Far-right Brazil President Jair Bolsonaro has warned that COVID-19 vaccines will turn people into crocodiles. He has spread conspiracies that the vaccine could give people AIDS. Bolsonaro has pointedly refused to get vaccinated himself ― at September’s United Nations summit in New York, he was the only major world leader present who said he had yet to take the jab.

Bolsonaro has mimicked the worst tendencies of his American idol, former President Donald Trump. But his attempts to foment the sort of skepticism and hesitancy Trump helped generate in millions of Americans have fallen completely flat.

Last week, Brazil reported that 60% of its population is now fully vaccinated, pushing it past the United States, which had a four-month head start. More than 97% of Brazilian adults have received at least one shot, and virtually every adult in São Paulo, the country’s largest city, is inoculated. Polls in July showed that just 5% of Brazilians said they’d never get the vaccine; in the U.S., somewhere between 13% and 19% of Americans still say they won’t.

More than 610,000 Brazilians have died from COVID-19, a death toll that trails only the United States’. But as the U.S. stares down the beginnings of another winter surge, Brazil’s daily case numbers are at their lowest points since this time last year.

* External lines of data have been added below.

lemma C4_subgraph_iff:
  assumes "simple_graph G"
  shows "G' \<in> H_subgraphs (cycle_graph 4) G \<longleftrightarrow>
    (\<exists>a b c d. distinct [a, b, c, d] \<and> {{a, b}, {b, c}, {c, d}, {d, a}} \<subseteq> edges G \<and>
       G' = cycle4 a b c d)"
proof
  assume "G' \<in> H_subgraphs (cycle_graph 4) G"
  then have sub: "is_subgraph G' G" and iso: "graph_iso G' (cycle_graph 4)"
    unfolding H_subgraphs_def by auto
  obtain g where "inj_on g (verts (cycle_graph 4))" "G' = graph_map g (cycle_graph 4)"
    using graph_iso_imp_graph_map[OF iso simple_graph_subgraph[OF assms sub] simple_graph_cycle_graph]
    by auto
  then have "distinct [g 0, g 1, g 2, g 3]" "G' = cycle4 (g 0) (g 1) (g 2) (g 3)"
    by (simp_all add: graph_map_cycle_graph_4 verts_cycle_graph inj_on_eq_iff)
  with sub show "\<exists>a b c d. distinct [a, b, c, d] \<and> {{a, b}, {b, c}, {c, d}, {d, a}} \<subseteq> edges G \<and>
       G' = cycle4 a b c d"
    unfolding is_subgraph_def by auto
next
  assume "\<exists>a b c d. distinct [a, b, c, d] \<and> {{a, b}, {b, c}, {c, d}, {d, a}} \<subseteq> edges G \<and>
       G' = cycle4 a b c d"
  then obtain a b c d where dist: "distinct [a, b, c, d]"
    and E: "{{a, b}, {b, c}, {c, d}, {d, a}} \<subseteq> edges G" and G': "G' = cycle4 a b c d"
    by blast
  have "e \<subseteq> verts G" if "e \<in> edges G" for e
    using assms that by (auto elim: simple_graph_edgeE)
  with E have "is_subgraph G' G" unfolding G' is_subgraph_def by auto
  moreover have "graph_iso G' (cycle_graph 4)"
  proof -
    have "G' = graph_map ((!) [a, b, c, d]) (cycle_graph 4)"
      unfolding G' graph_map_cycle_graph_4 by simp
    moreover have "inj_on ((!) [a, b, c, d]) (verts (cycle_graph 4))"
      using dist by (intro inj_on_nth) (auto simp: verts_cycle_graph)
    ultimately show ?thesis
      using graph_iso_graph_map[of _ "cycle_graph 4"] simple_graph_cycle_graph[of 4] by simp
  qed
  ultimately show "G' \<in> H_subgraphs (cycle_graph 4) G"
    unfolding H_subgraphs_def by blast
qed

lemma weight_cycle4:
  assumes "distinct [a, b, c, d]"
  shows "weight f (cycle4 a b c d) = f (Inl a) + f (Inl b) + f (Inl c) + f (Inl d) +
    (f (Inr {a, b}) + f (Inr {b, c}) + f (Inr {c, d}) + f (Inr {d, a}))"
proof -
  have "{a, b} \<noteq> {b, c}" "{a, b} \<noteq> {c, d}" "{a, b} \<noteq> {d, a}" "{b, c} \<noteq> {c, d}"
    "{b, c} \<noteq> {d, a}" "{c, d} \<noteq> {d, a}"
    using assms by (auto simp: doubleton_eq_iff)
  with assms show ?thesis by (simp add: weight_def add.assoc)
qed

lemma simple_graph_copies:
  assumes "simple_graph G"
  shows "simple_graph (copies m G)"
  unfolding simple_graph_def
proof (intro conjI ballI)
  show "finite (verts (copies m G))"
    using assms by (simp add: copies_def verts_def simple_graph_def)
  fix e assume "e \<in> edges (copies m G)"
  then obtain j e' where "j < m" "e' \<in> edges G" "e = (\<lambda>x. (j, x)) ` e'"
    by (auto simp: copies_def edges_def)
  moreover obtain x y where "x \<in> verts G" "y \<in> verts G" "x \<noteq> y" "e' = {x, y}"
    using assms \<open>e' \<in> edges G\<close> by (auto elim: simple_graph_edgeE)
  ultimately show "\<exists>x y. x \<in> verts (copies m G) \<and> y \<in> verts (copies m G) \<and> x \<noteq> y \<and> e = {x, y}"
    by (intro exI[of _ "(j, x)"] exI[of _ "(j, y)"]) (simp add: copies_def verts_def)
qed

lemma simple_graph_ladder: "simple_graph (ladder n)"
  unfolding simple_graph_def
proof (intro conjI ballI)
  show "finite (verts (ladder n))" by (simp add: ladder_def verts_def)
  fix e assume "e \<in> edges (ladder n)"
  then consider (rung) i where "1 \<le> i" "i \<le> n" "e = {(i, False), (i, True)}"
    | (rail) i b where "1 \<le> i" "i < n" "e = {(i, b), (i + 1, b)}"
    unfolding ladder_def edges_def by auto
  then show "\<exists>x y. x \<in> verts (ladder n) \<and> y \<in> verts (ladder n) \<and> x \<noteq> y \<and> e = {x, y}"
  proof cases
    case rung
    then show ?thesis by (intro exI[of _ "(i, False)"] exI[of _ "(i, True)"]) (simp add: ladder_def verts_def)
  next
    case rail
    then show ?thesis by (intro exI[of _ "(i, b)"] exI[of _ "(i + 1, b)"]) (simp add: ladder_def verts_def)
  qed
qed

definition rung :: "nat \<Rightarrow> nat \<Rightarrow> (nat \<times> nat \<times> bool) set" where
  "rung j i = {(j, i, False), (j, i, True)}"

definition rail :: "nat \<Rightarrow> nat \<Rightarrow> bool \<Rightarrow> (nat \<times> nat \<times> bool) set" where
  "rail j i b = {(j, i, b), (j, Suc i, b)}"

lemma rung_eq_iff: "rung j i = rung j' i' \<longleftrightarrow> j = j' \<and> i = i'"
  by (auto simp: rung_def doubleton_eq_iff)

lemma rail_eq_iff: "rail j i b = rail j' i' b' \<longleftrightarrow> j = j' \<and> i = i' \<and> b = b'"
  by (auto simp: rail_def doubleton_eq_iff)

lemma verts_copies_ladder: "verts (copies m (ladder n)) = {..<m} \<times> {1..n} \<times> UNIV"
  by (simp add: copies_def ladder_def verts_def)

Daily death tolls in the majority of its states are in the single digits, and special hospital units in former hot spots like Rio de Janeiro are completely empty for the first time since the pandemic began.

That’s a credit to the country’s public health system and cultural faith in vaccines. The question is whether Bolsonaro’s rhetoric will have a corrosive long-term effect.

Over the past 50 years, Brazil has built a robust national immunization infrastructure that has turned it into a global pioneer for the development and implementation of mass vaccination strategies. It’s also home to a massive public health system, of the sort the United States lacks, that helps distribute those vaccines to every corner of the continental-sized country, and immunizes Brazilians for free.

Deliberate public campaigns and innovative approaches to immunization, meanwhile, have created a celebratory culture around vaccines ― not just against COVID-19, but related to any number of the infectious diseases that thrive in Brazil’s tropical climate.

“Vaccines are in our DNA,” said Dr. Rosana Richtmann, an epidemiologist at Brazil’s Emilio Ribas Infectious Diseases Institute and the former head of the Infectious Diseases Society of São Paulo. “So even though we have [political] problems, people trust in vaccines. That is the huge difference between Brazil, Europe and the U.S.”

Brazil has now vaccinated a larger share of its population than the United States, a feat that doesn't surprise public health experts in either country. The South American nation has for decades been a global leader in its development and implementation of mass vaccine programs and its delivery of free immunizations through its robust public health system.
Brazil has now vaccinated a larger share of its population than the United States, a feat that doesn't surprise public health experts in either country. The South American nation has for decades been a global leader in its development and implementation of mass vaccine programs and its delivery of free immunizations through its robust public health system.
(AP Photo/Bruna Prado)

Brazil, experts say, is a model for how the U.S. and Europe can combat their much higher rates of vaccine skepticism.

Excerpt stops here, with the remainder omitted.